= Gabriel Daniel =

French historian (1649–1728)

Gabriel Daniel (8 February 1649 – 23 June 1728) was a French Jesuit historian.

==Biography==

Born in Rouen, he was educated by the Jesuits, entered the order at the age of eighteen, and became superior at Paris.

==Works==

He is best known by his Histoire de France depuis l'établissement de la monarchie française (first complete edition, 1713), which was republished in 1720, 1721, 1725, 1742, and (the last edition, with notes by Henri Griffet) 1755–1760. Daniel published an abridgment in 1724 (English trans., 1726), and another abridgment was published by Dorival in 1751.

Though full of prejudices which affect his accuracy, Daniel had the advantage of consulting valuable original sources. His Histoire de la milice française, etc. (1721) is considered superior to his Histoire de France.
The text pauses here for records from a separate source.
lemma card_edges_ge_if_disjoint_cycles:
  fixes U :: "'j \<Rightarrow> 'a set"
  assumes finE: "finite E" and conn: "\<forall>u\<in>S. \<forall>v\<in>S. reachable E u v"
    and disj: "disjoint_family_on U Js"
    and cyc: "\<forall>J\<in>Js. \<exists>e. on_cycle {e \<in> E. e \<subseteq> U J} e"
  shows "card S - 1 + card Js \<le> card E"
proof -
  from cyc obtain c where c: "\<And>J. J \<in> Js \<Longrightarrow> on_cycle {e \<in> E. e \<subseteq> U J} (c J)"
    by metis
  have c_in: "c J \<in> E" "c J \<subseteq> U J" "c J \<noteq> {}" if "J \<in> Js" for J
    using c[OF that] by (auto simp: on_cycle_def)
  have c_notin: "\<not> c J' \<subseteq> U J" if "J \<in> Js" "J' \<in> Js" "J' \<noteq> J" for J J'
    using c_in[OF that(2)] disj that unfolding disjoint_family_on_def by blast
  have inj: "inj_on c Js"
  proof (rule inj_onI)
    fix J J' assume "J \<in> Js" "J' \<in> Js" "c J = c J'"
    with c_in(2) c_notin show "J = J'" by metis
  qed
  define F where "F = c ` Js"
  have FE: "F \<subseteq> E"
    unfolding F_def using c_in by blast
  have reach_F: "reachable (E - F) x y" if "{x, y} \<in> E" for x y
  proof (cases "{x, y} \<in> F")
    case False
    with that show ?thesis by (intro reachable_edge) blast
  next
    case True
    then obtain J where J: "J \<in> Js" "{x, y} = c J"
      unfolding F_def by blast
    with c obtain a b where ab: "c J = {a, b}" "reachable ({e \<in> E. e \<subseteq> U J} - {c J}) a b"
      unfolding on_cycle_def by blast
    have "{e \<in> E. e \<subseteq> U J} - {c J} \<subseteq> E - F"
      using c_notin[OF J(1)] unfolding F_def by blast
    with ab(2) have "reachable (E - F) a b"
      by (rule reachable_mono[rotated])
    with J(2) ab(1) show ?thesis
      using reachable_sym by (metis doubleton_eq_iff)
  qed
  have "\<forall>u\<in>S. \<forall>v\<in>S. reachable (E - F) u v"
    using conn reachable_if_edges_reachable[OF _ reach_F] by blast
  with finE have "card S - 1 \<le> card (E - F)"
    by (intro card_edges_ge_if_connected) auto
  moreover have "card F = card Js"
    unfolding F_def using inj by (rule card_image)
  moreover have "card (E - F) = card E - card F"
    using card_Diff_subset[OF finite_subset[OF FE finE] FE] .
  moreover have "card F \<le> card E"
    using card_mono[OF finE FE] .
  ultimately show ?thesis by linarith
qed

section \<open>Parity of edge traversals\<close>

definition traversals :: "'a set set \<Rightarrow> 'a list \<Rightarrow> nat" where
  "traversals X p = (\<Sum>k<length p - 1. if {p ! k, p ! Suc k} \<in> X then 1 else 0)"

lemma traversals_eq_0: "(\<And>k. Suc k < length p \<Longrightarrow> {p ! k, p ! Suc k} \<notin> X) \<Longrightarrow> traversals X p = 0"
  unfolding traversals_def by (intro sum.neutral) auto

lemma traversals_eq_sum_singletons:
  assumes "finite X"
  shows "traversals X p = (\<Sum>e\<in>X. traversals {e} p)"
proof -
  have "traversals X p = (\<Sum>k<length p - 1. \<Sum>e\<in>X. if {p ! k, p ! Suc k} = e then 1 else 0)"
    unfolding traversals_def using assms by (intro sum.cong) auto
  also have "\<dots> = (\<Sum>e\<in>X. traversals {e} p)"
    unfolding traversals_def by (subst sum.swap) simp
  finally show ?thesis .
qed

lemma even_count_changes_iff:
  "even (\<Sum>k<n. if h k \<noteq> h (Suc k) then 1 else (0::nat)) \<longleftrightarrow> (h 0 \<longleftrightarrow> h n)"
  by (induction n) auto

lemma even_count_changes_along_list_iff:
  assumes "p \<noteq> []"
  shows "even (\<Sum>k<length p - 1. if g (p ! k) \<noteq> g (p ! Suc k) then 1 else (0::nat))
    \<longleftrightarrow> (g (hd p) \<longleftrightarrow> g (last p))"
  using even_count_changes_iff[of "\<lambda>k. g (p ! k)" "length p - 1"] assms
  by (simp add: hd_conv_nth last_conv_nth)

lemma even_sum_cong:
  fixes n :: nat
  shows "(\<And>i. i < n \<Longrightarrow> even (f i) \<longleftrightarrow> even (g i)) \<Longrightarrow>
    even (\<Sum>i<n. f i :: nat) \<longleftrightarrow> even (\<Sum>i<n. g i :: nat)"
  by (induction n) auto

lemma even_traversals_iff_same_side:
  assumes walk: "is_walk G p u v"
    and X_iff: "\<And>k. Suc k < length p \<Longrightarrow> {p ! k, p ! Suc k} \<in> X \<longleftrightarrow> g (p ! k) \<noteq> g (p ! Suc k)"
  shows "even (traversals X p) \<longleftrightarrow> (g u \<longleftrightarrow> g v)"
proof -
  have "traversals X p = (\<Sum>k<length p - 1. if g (p ! k) \<noteq> g (p ! Suc k) then 1 else 0)"
    unfolding traversals_def using X_iff by (intro sum.cong) auto
  with walk show ?thesis
    using even_count_changes_along_list_iff[of p g] by (simp add: is_walk_def)
qed

lemma even_traversals_bridge_iff:
  assumes walk: "is_walk G p u v" and e: "e = {a, b}" and bridge: "\<not> reachable (G - {e}) a b"
  shows "even (traversals {e} p) \<longleftrightarrow> (reachable (G - {e}) a u \<longleftrightarrow> reachable (G - {e}) a v)"
proof -
  let ?side = "reachable (G - {e}) a"
  have side_change: "{x, y} \<in> {e} \<longleftrightarrow> ?side x \<noteq> ?side y" if xy: "{x, y} \<in> G" for x y
  proof (cases "{x, y} = e")
    case True
    then have "x = a \<and> y = b \<or> x = b \<and> y = a"
      using e by (auto simp: doubleton_eq_iff)
    with True bridge reachable_refl[of "G - {e}" a] show ?thesis
      by auto
  next
    case False
    with xy have "reachable (G - {e}) x y"
      by (intro reachable_edge) blast
    moreover from this have "reachable (G - {e}) y x"
      by (rule reachable_sym)
    ultimately have "?side x \<longleftrightarrow> ?side y"
      by (meson reachable_trans)
    with False show ?thesis
      by simp
  qed
  show ?thesis
  proof (rule even_traversals_iff_same_side[OF walk])
    fix k assume "Suc k < length p"
    with walk have "{p ! k, p ! Suc k} \<in> G"
      by (simp add: is_walk_def)
    then show "{p ! k, p ! Suc k} \<in> {e} \<longleftrightarrow> ?side (p ! k) \<noteq> ?side (p ! Suc k)"
      by (rule side_change)
  qed
qed

(* In a forest every edge is a bridge, and a closed walk crosses a bridge an even number
   of times. *)
lemma even_traversals_closed_chain_if_no_cycle:
  assumes finX: "finite X" and XG: "X \<subseteq> G" and X_pairs: "\<forall>e\<in>X. \<exists>a b. e = {a, b}"
    and acyclic: "\<nexists>e. on_cycle G e"
    and closed: "q n = q 0" and walks: "\<And>i. i < n \<Longrightarrow> is_walk G (P i) (q i) (q (Suc i))"
  shows "even (\<Sum>i<n. traversals X (P i))"
proof -
  have "even (\<Sum>i<n. traversals {e} (P i))" if "e \<in> X" for e
  proof -
    from that X_pairs obtain a b where e: "e = {a, b}" by blast
    with that XG acyclic have bridge: "\<not> reachable (G - {e}) a b"
      unfolding on_cycle_def by blast
    let ?side = "reachable (G - {e}) a"
    have "even (\<Sum>i<n. traversals {e} (P i))
        \<longleftrightarrow> even (\<Sum>i<n. if ?side (q i) \<noteq> ?side (q (Suc i)) then 1 else (0::nat))"
      using even_traversals_bridge_iff[OF walks e bridge] by (intro even_sum_cong) auto
    also have "\<dots> \<longleftrightarrow> (?side (q 0) \<longleftrightarrow> ?side (q n))"
      by (rule even_count_changes_iff)
    finally show ?thesis
      using closed by simp
  qed
  moreover have "(\<Sum>i<n. traversals X (P i)) = (\<Sum>e\<in>X. \<Sum>i<n. traversals {e} (P i))"
    unfolding traversals_eq_sum_singletons[OF finX] by (rule sum.swap)
  ultimately show ?thesis
    by (simp add: dvd_sum)
qed

(* The edges inside the region A whose endpoints lie on different sides of B; in the
   plane, the edges crossing the ray where A holds on the boundary of B. *)
definition crossing_edges :: "'a set set \<Rightarrow> ('a \<Rightarrow> bool) \<Rightarrow> ('a \<Rightarrow> bool) \<Rightarrow> 'a set set" where
  "crossing_edges G A B = {e \<in> G. (\<forall>v\<in>e. A v) \<and> (\<exists>a\<in>e. \<exists>b\<in>e. B a \<noteq> B b)}"

lemma traversals_crossing_edges_eq_0_outside:
  "\<forall>v\<in>set p. \<not> A v \<Longrightarrow> traversals (crossing_edges G A B) p = 0"
  by (rule traversals_eq_0) (auto simp: crossing_edges_def)

lemma traversals_crossing_edges_eq_0_one_side:
  "\<forall>v\<in>set p. B v = c \<Longrightarrow> traversals (crossing_edges G A B) p = 0"
  by (rule traversals_eq_0) (auto simp: crossing_edges_def)

lemma even_traversals_crossing_edges_iff:
  assumes walk: "is_walk G p u v" and inside: "\<forall>v\<in>set p. A v"
  shows "even (traversals (crossing_edges G A B) p) \<longleftrightarrow> (B u \<longleftrightarrow> B v)"
proof (rule even_traversals_iff_same_side[OF walk])
  fix k assume k: "Suc k < length p"
  with walk have "{p ! k, p ! Suc k} \<in> G"
    by (simp add: is_walk_def)
  moreover from k inside have "A (p ! k)" "A (p ! Suc k)"
    by simp_all
  ultimately show "{p ! k, p ! Suc k} \<in> crossing_edges G A B \<longleftrightarrow> B (p ! k) \<noteq> B (p ! Suc k)"
    by (auto simp: crossing_edges_def)
qed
Daniel also wrote a reply to Pascal's Provincial Letters, entitled Entretiens de Cléanthe et d'Eudoxe sur les lettres au provincial (1694); two treatises on Descartes's theory as to the intelligence of the lower animals, and other works.

Daniel's work Voyage du Monde de Descartes has been noted as an early example of science fiction, as the text takes the form of a narrative exploration of Cartesian philosophy, metaphorically conceived as a voyage, with the last section detailing the protagonists' journey to a third heaven to explore Descartes's theory of vortices.